Надо посмотреть, почему в театре Пиранделло одни пьесы написаны по-итальянски, а другие на диалекте. Изучение Пиранделло окажется особенно интересным, ибо Пиранделло в определенный момент приобретает космополитически культурный облик, то есть облик его становится итальянским и национальным, поскольку он полностью депровинциализируется и европеизируется. Язык еще не приобрел «историчности» массы, не сделался еще фактом национальным. «Лиола» Пиранделло, написанная на итальянском литературном языке, не произвела бы никакого впечатления, а между тем «Покойный Маттиа Паскаль», давший сюжет этой пьесе, до сих пор читается с удовольствием. В итальянском тексте автору не удается говорить в унисон с публикой; у него нет исторической перспективы языка, когда его персонажи стремятся быть конкретно итальянскими перед лицом итальянского зрителя. Действительно, в Италии существует множество «народных» языков, и к местным диалектам прибегают, как правило, в интимной беседе для выражения повседневных, обычных чувств и страстей; литературный язык в Италии в значительной своей части все еще является языком космополитическим, своего рода «эсперанто», и потому его возможности для выражения чувств и понятий оказываются ограниченными и т. д.
Когда говорят, что литературный язык обладает огромным богатством выразительных средств, то выдвигают неясное, двусмысленное положение; в этом случае смешивают «возможное» экспрессивное богатство, зарегистрированное в словаре или заключенное в классических «авторах», и индивидуальное богатство, которое может тратиться лично и которое является тем единственно реальным, конкретным богатством, которым можно измерять степень национального языкового единства, даваемую живой речью народа, степенью национализации языкового наследия. В драматургическом диалоге значение этого элемента очевидно. Сценический диалог должен порождать живые образы во всей исторической конкретности их выразительности, а вместо этого он зачастую вызывает образы книжные, изуродованные непониманием языка и его оттенков. Слова обыденной семейной беседы воспринимаются зрителем как воспоминания о словах, прочитанных в книгах и газетах или найденных в словаре; у зрителя возникает впечатление, будто он слышит на сцене французскую речь человека, выучившегося французскому языку по книгам, без учителя, слова костенеют, они утрачивают гибкость оттенков, не позволяют понять их точное значение, даваемое всем периодом, и т. д. Возникает чувство, что либо ты дурак, либо тебя дурачат.

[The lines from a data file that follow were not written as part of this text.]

(* Let $d\ge1$. Let $G$ be a $3$-connected ordered graph on $n$ vertices with $m$ edges, and let $H$ be an ordered graph with no isolated vertices and with $m$ edges. Suppose $M^{\mathbb E}_{d,G}=M^{\mathbb E}_{d,H}$. Then there is a bijection $\sigma$ from the vertex set of $G$ to the vertex set of $H$ such that for every $k$, if the $k$-th edge of $G$ is $\{i,j\}$ then the $k$-th edge of $H$ is $\{\sigma(i),\sigma(j)\}$.
   Context: An ordered graph is a finite vertex set together with an ordered sequence $(E_1,\dots,E_m)$ of distinct unordered pairs of distinct vertices. For a real configuration $\mathbf p$ (one point $\mathbf p_i\in\mathbb R^d$ per vertex), $m^{\mathbb E}_G(\mathbf p)\in\mathbb R^m$ has $k$-th coordinate $\|\mathbf p_i-\mathbf p_j\|^2$ where $E_k=\{i,j\}$. The Euclidean measurement set $M^{\mathbb E}_{d,G}\subseteq\mathbb R^m$ is the image of $m^{\mathbb E}_G$ over all real configurations in $\mathbb R^d$. *)

theory Defs
  imports "HOL-Analysis.Analysis"
begin

text \<open>Each edge is stored
  as a pair (i,j) of distinct vertices representing the unordered pair {i,j};
  the unordered pairs are pairwise distinct.\<close>
definition ordered_graph :: "'a set \<Rightarrow> ('a \<times> 'a) list \<Rightarrow> bool" where
  "ordered_graph V E \<longleftrightarrow> finite V \<and>
     (\<forall>(i,j)\<in>set E. i \<in> V \<and> j \<in> V \<and> i \<noteq> j) \<and>
     distinct (map (\<lambda>(i,j). {i,j}) E)"

definition edge_set :: "('a \<times> 'a) list \<Rightarrow> 'a set list" where
  "edge_set E = map (\<lambda>(i,j). {i,j}) E"

definition adj_on :: "'a set \<Rightarrow> ('a \<times> 'a) list \<Rightarrow> ('a \<times> 'a) set" where
  "adj_on W E = {(u,v). u \<in> W \<and> v \<in> W \<and> ((u,v) \<in> set E \<or> (v,u) \<in> set E)}"

definition connected_on :: "'a set \<Rightarrow> ('a \<times> 'a) list \<Rightarrow> bool" where
  "connected_on W E \<longleftrightarrow> (\<forall>u\<in>W. \<forall>v\<in>W. (u,v) \<in> (adj_on W E)\<^sup>*)"

definition k_connected :: "nat \<Rightarrow> 'a set \<Rightarrow> ('a \<times> 'a) list \<Rightarrow> bool" where
  "k_connected k V E \<longleftrightarrow> card V > k \<and>
     (\<forall>X. X \<subseteq> V \<and> card X < k \<longrightarrow> connected_on (V - X) E)"

definition no_isolated_vertices :: "'a set \<Rightarrow> ('a \<times> 'a) list \<Rightarrow> bool" where
  "no_isolated_vertices V E \<longleftrightarrow> (\<forall>v\<in>V. \<exists>(i,j)\<in>set E. v = i \<or> v = j)"

text \<open>Euclidean measurement map and measurement set, configurations in real^'d.
  Vectors in R^m are represented as lists of length m.\<close>
definition meas_E :: "('a \<times> 'a) list \<Rightarrow> ('a \<Rightarrow> real^'d) \<Rightarrow> real list" where
  "meas_E E p = map (\<lambda>(i,j). (norm (p i - p j))\<^sup>2) E"

definition meas_set_E :: "'d::finite itself \<Rightarrow> ('a \<times> 'a) list \<Rightarrow> real list set" where
  "meas_set_E _ E = {meas_E E (p :: 'a \<Rightarrow> real^'d) | p. True}"

end

theory Submission
  imports Defs
begin

text \<open>
  An edge k lies in the closure of an edge set X in the cycle matroid (its endpoints are joined
  by edges of X) iff every configuration giving length zero to all edges of X gives length zero
  to k. This depends only on the measurement set, so G and H have the same cycle matroid.
  Matroidally, the vertex stars of a 3-connected graph are exactly its non-separating
  cocircuits (Tutte), while in any loopless graph every non-separating cocircuit is a vertex star.
  Sending each vertex of G to the vertex of H with the same star gives the bijection.
\<close>

definition edge_rel :: "('v \<times> 'v) list \<Rightarrow> nat set \<Rightarrow> ('v \<times> 'v) set" where
  "edge_rel E X = {(u, w). \<exists>j\<in>X. j < length E \<and> (E!j = (u, w) \<or> E!j = (w, u))}"

definition spans :: "('v \<times> 'v) list \<Rightarrow> nat set \<Rightarrow> nat \<Rightarrow> bool" where
  "spans E X k \<longleftrightarrow> k < length E \<and> (fst (E!k), snd (E!k)) \<in> (edge_rel E X)\<^sup>*"

definition star :: "('v \<times> 'v) list \<Rightarrow> 'v \<Rightarrow> nat set" where
  "star E v = {j. j < length E \<and> v \<in> edge_set E ! j}"

text \<open>The closure-theoretic form of "A is a separator of the matroid restricted to U".\<close>

definition separator :: "(nat set \<Rightarrow> nat \<Rightarrow> bool) \<Rightarrow> nat set \<Rightarrow> nat set \<Rightarrow> bool" where
  "separator cl U A \<longleftrightarrow> (\<forall>X\<subseteq>U. \<forall>j\<in>A. cl X j \<longrightarrow> cl (X \<inter> A) j)"

text \<open>The complement of T is a hyperplane (the two middle clauses) without proper separator.\<close>

definition nonseparating_cocircuit :: "(nat set \<Rightarrow> nat \<Rightarrow> bool) \<Rightarrow> nat \<Rightarrow> nat set \<Rightarrow> bool" where
  "nonseparating_cocircuit cl m T \<longleftrightarrow> T \<noteq> {} \<and> T \<subseteq> {..<m} \<and>
     (\<forall>k\<in>T. \<not> cl ({..<m} - T) k) \<and>
     (\<forall>k\<in>T. \<forall>l\<in>T. cl (insert k ({..<m} - T)) l) \<and>
     (\<forall>A\<subseteq>{..<m} - T. separator cl ({..<m} - T) A \<longrightarrow> A = {} \<or> A = {..<m} - T)"

lemma edge_rel_iff:
  "(u, w) \<in> edge_rel E X \<longleftrightarrow> (\<exists>j\<in>X. j < length E \<and> (E!j = (u, w) \<or> E!j = (w, u)))"
  unfolding edge_rel_def by simp

lemma sym_edge_rel: "sym (edge_rel E X)"
  by (rule symI) (auto simp: edge_rel_iff)

lemma edge_rel_rtrancl_sym: "(u, w) \<in> (edge_rel E X)\<^sup>* \<Longrightarrow> (w, u) \<in> (edge_rel E X)\<^sup>*"
  by (meson sym_edge_rel sym_rtrancl symD)

lemma nth_edge_set: "j < length E \<Longrightarrow> edge_set E ! j = {fst (E!j), snd (E!j)}"
  by (simp add: edge_set_def split_beta)

lemma edge_rel_if_edge_set:
  assumes "j \<in> X" "j < length E" "edge_set E ! j = {u, w}"
  shows "(u, w) \<in> edge_rel E X"
  using assms by (cases "E!j") (auto simp: edge_rel_iff nth_edge_set doubleton_eq_iff)

lemma spans_iff_endpoints:
  assumes "k < length E" "edge_set E ! k = {a, b}"
  shows "spans E X k \<longleftrightarrow> (a, b) \<in> (edge_rel E X)\<^sup>*"
  using assms edge_rel_rtrancl_sym[of a b E X] edge_rel_rtrancl_sym[of b a E X]
  by (auto simp: spans_def nth_edge_set doubleton_eq_iff)

lemma edge_rel_rtrancl_const:
  assumes "(u, w) \<in> (edge_rel E X)\<^sup>*"
    and "\<forall>j\<in>X. j < length E \<longrightarrow> p (fst (E!j)) = p (snd (E!j))"
  shows "p u = p w"
  using assms(1)
proof induction
  case (step y z)
  then obtain j where "j \<in> X" "j < length E" "E!j = (y, z) \<or> E!j = (z, y)"
    by (auto simp: edge_rel_iff)
  with assms(2) step.IH show ?case by (metis fst_conv snd_conv)
qed simp

lemma spans_iff_collapsing_configurations:
  "spans E X k \<longleftrightarrow> k < length E \<and> (\<forall>p :: 'v \<Rightarrow> real^'d.
      (\<forall>j\<in>X. j < length E \<longrightarrow> p (fst (E!j)) = p (snd (E!j))) \<longrightarrow> p (fst (E!k)) = p (snd (E!k)))"
  (is "_ \<longleftrightarrow> _ \<and> ?collapse")
proof (cases "k < length E")
  case True
  let ?r = "(edge_rel E X)\<^sup>*"
  have "spans E X k" if ?collapse
  proof -
    define one :: "real^'d" where "one = (\<chi> i. 1)"
    have "one \<noteq> 0" unfolding one_def by (simp add: vec_eq_iff)
    define p :: "'v \<Rightarrow> real^'d" where "p u = (if (fst (E!k), u) \<in> ?r then 0 else one)" for u
    have "p (fst (E!j)) = p (snd (E!j))" if "j \<in> X" "j < length E" for j
    proof -
      have "(fst (E!j), snd (E!j)) \<in> edge_rel E X" "(snd (E!j), fst (E!j)) \<in> edge_rel E X"
        by (metis edge_rel_if_edge_set insert_commute nth_edge_set that)+
      then show ?thesis unfolding p_def by (meson rtrancl.rtrancl_into_rtrancl)
    qed
    with \<open>?collapse\<close> have "p (fst (E!k)) = p (snd (E!k))" by blast
    with \<open>one \<noteq> 0\<close> True show ?thesis by (auto simp: p_def spans_def split: if_splits)
  qed
  with True show ?thesis
    by (auto simp: spans_def intro: edge_rel_rtrancl_const)
qed (simp add: spans_def)

lemma spans_iff_meas_set:
  fixes E :: "('v \<times> 'v) list"
  shows "spans E X k \<longleftrightarrow> k < length E \<and>
     (\<forall>x\<in>meas_set_E TYPE('d::finite) E. (\<forall>j\<in>X. j < length E \<longrightarrow> x!j = 0) \<longrightarrow> x!k = 0)"
proof -
  have zero: "meas_E E p ! j = 0 \<longleftrightarrow> p (fst (E!j)) = p (snd (E!j))" if "j < length E"
    for j and p :: "'v \<Rightarrow> real^'d"
    using that by (simp add: meas_E_def split_beta)
  have ball: "(\<forall>x\<in>meas_set_E TYPE('d) E. Q x) \<longleftrightarrow> (\<forall>p :: 'v \<Rightarrow> real^'d. Q (meas_E E p))" for Q
    unfolding meas_set_E_def by blast
  show ?thesis
    unfolding spans_iff_collapsing_configurations[where 'd='d] ball by (auto simp: zero)
qed

lemma spans_eq_if_meas_set_eq:
  assumes "meas_set_E TYPE('d::finite) E1 = meas_set_E TYPE('d) E2" "length E1 = length E2"
  shows "spans E1 = spans E2"
  using assms by (intro ext) (simp add: spans_iff_meas_set[where 'd='d])

lemma ordered_graph_edgeE:
  assumes "ordered_graph V E" "j < length E"
  obtains a b where "E!j = (a, b)" "edge_set E ! j = {a, b}" "a \<in> V" "b \<in> V" "a \<noteq> b"
proof -
  have "E!j \<in> set E" using assms(2) by simp
  with assms show thesis
    using that by (cases "E!j") (auto simp: ordered_graph_def nth_edge_set)
qed

lemma ordered_graph_nth_edge_set_inj:
  assumes "ordered_graph V E" "j < length E" "l < length E" "edge_set E ! j = edge_set E ! l"
  shows "j = l"
  using assms nth_eq_iff_index_eq unfolding ordered_graph_def edge_set_def by fastforce

lemma star_edgeE:
  assumes "ordered_graph V E" "k \<in> star E v"
  obtains u where "k < length E" "edge_set E ! k = {v, u}" "u \<in> V" "u \<noteq> v"
proof -
  have k: "k < length E" "v \<in> edge_set E ! k" using assms(2) by (auto simp: star_def)
  obtain a b where ab: "edge_set E ! k = {a, b}" "a \<in> V" "b \<in> V" "a \<noteq> b"
    using ordered_graph_edgeE[OF assms(1) k(1)] by metis
  then have "\<exists>u. edge_set E ! k = {v, u} \<and> u \<in> V \<and> u \<noteq> v"
    using k(2) by (metis insert_commute insert_iff singletonD)
  with k(1) that show thesis by blast
qed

Научность и последыши низкопробного романтизма.
Следует обратить внимание на стремление левой итальянской социологии к интенсивным занятиям вопросами преступности. Связано ли это с тем, что к левым течениям примыкали Ломброзо и многие из его самых «блестящих» последователей, почитавшихся в ту пору последним словом науки и влиявших на литературу своими профессиональными уродствами и своими специфическими проблемами? Или же речь идет о последыше низкопробного романтизма 48-го года (Сю и его корпения над романтизированным уголовным кодексом)? Или все это связано вот с чем: некоторые круги итальянской интеллигенции были поражены огромным количеством кровавых преступлений и решили, что нельзя идти дальше, не объяснив «научно» (то есть натуралистически) подобное проявление «варварства»?Народная литература.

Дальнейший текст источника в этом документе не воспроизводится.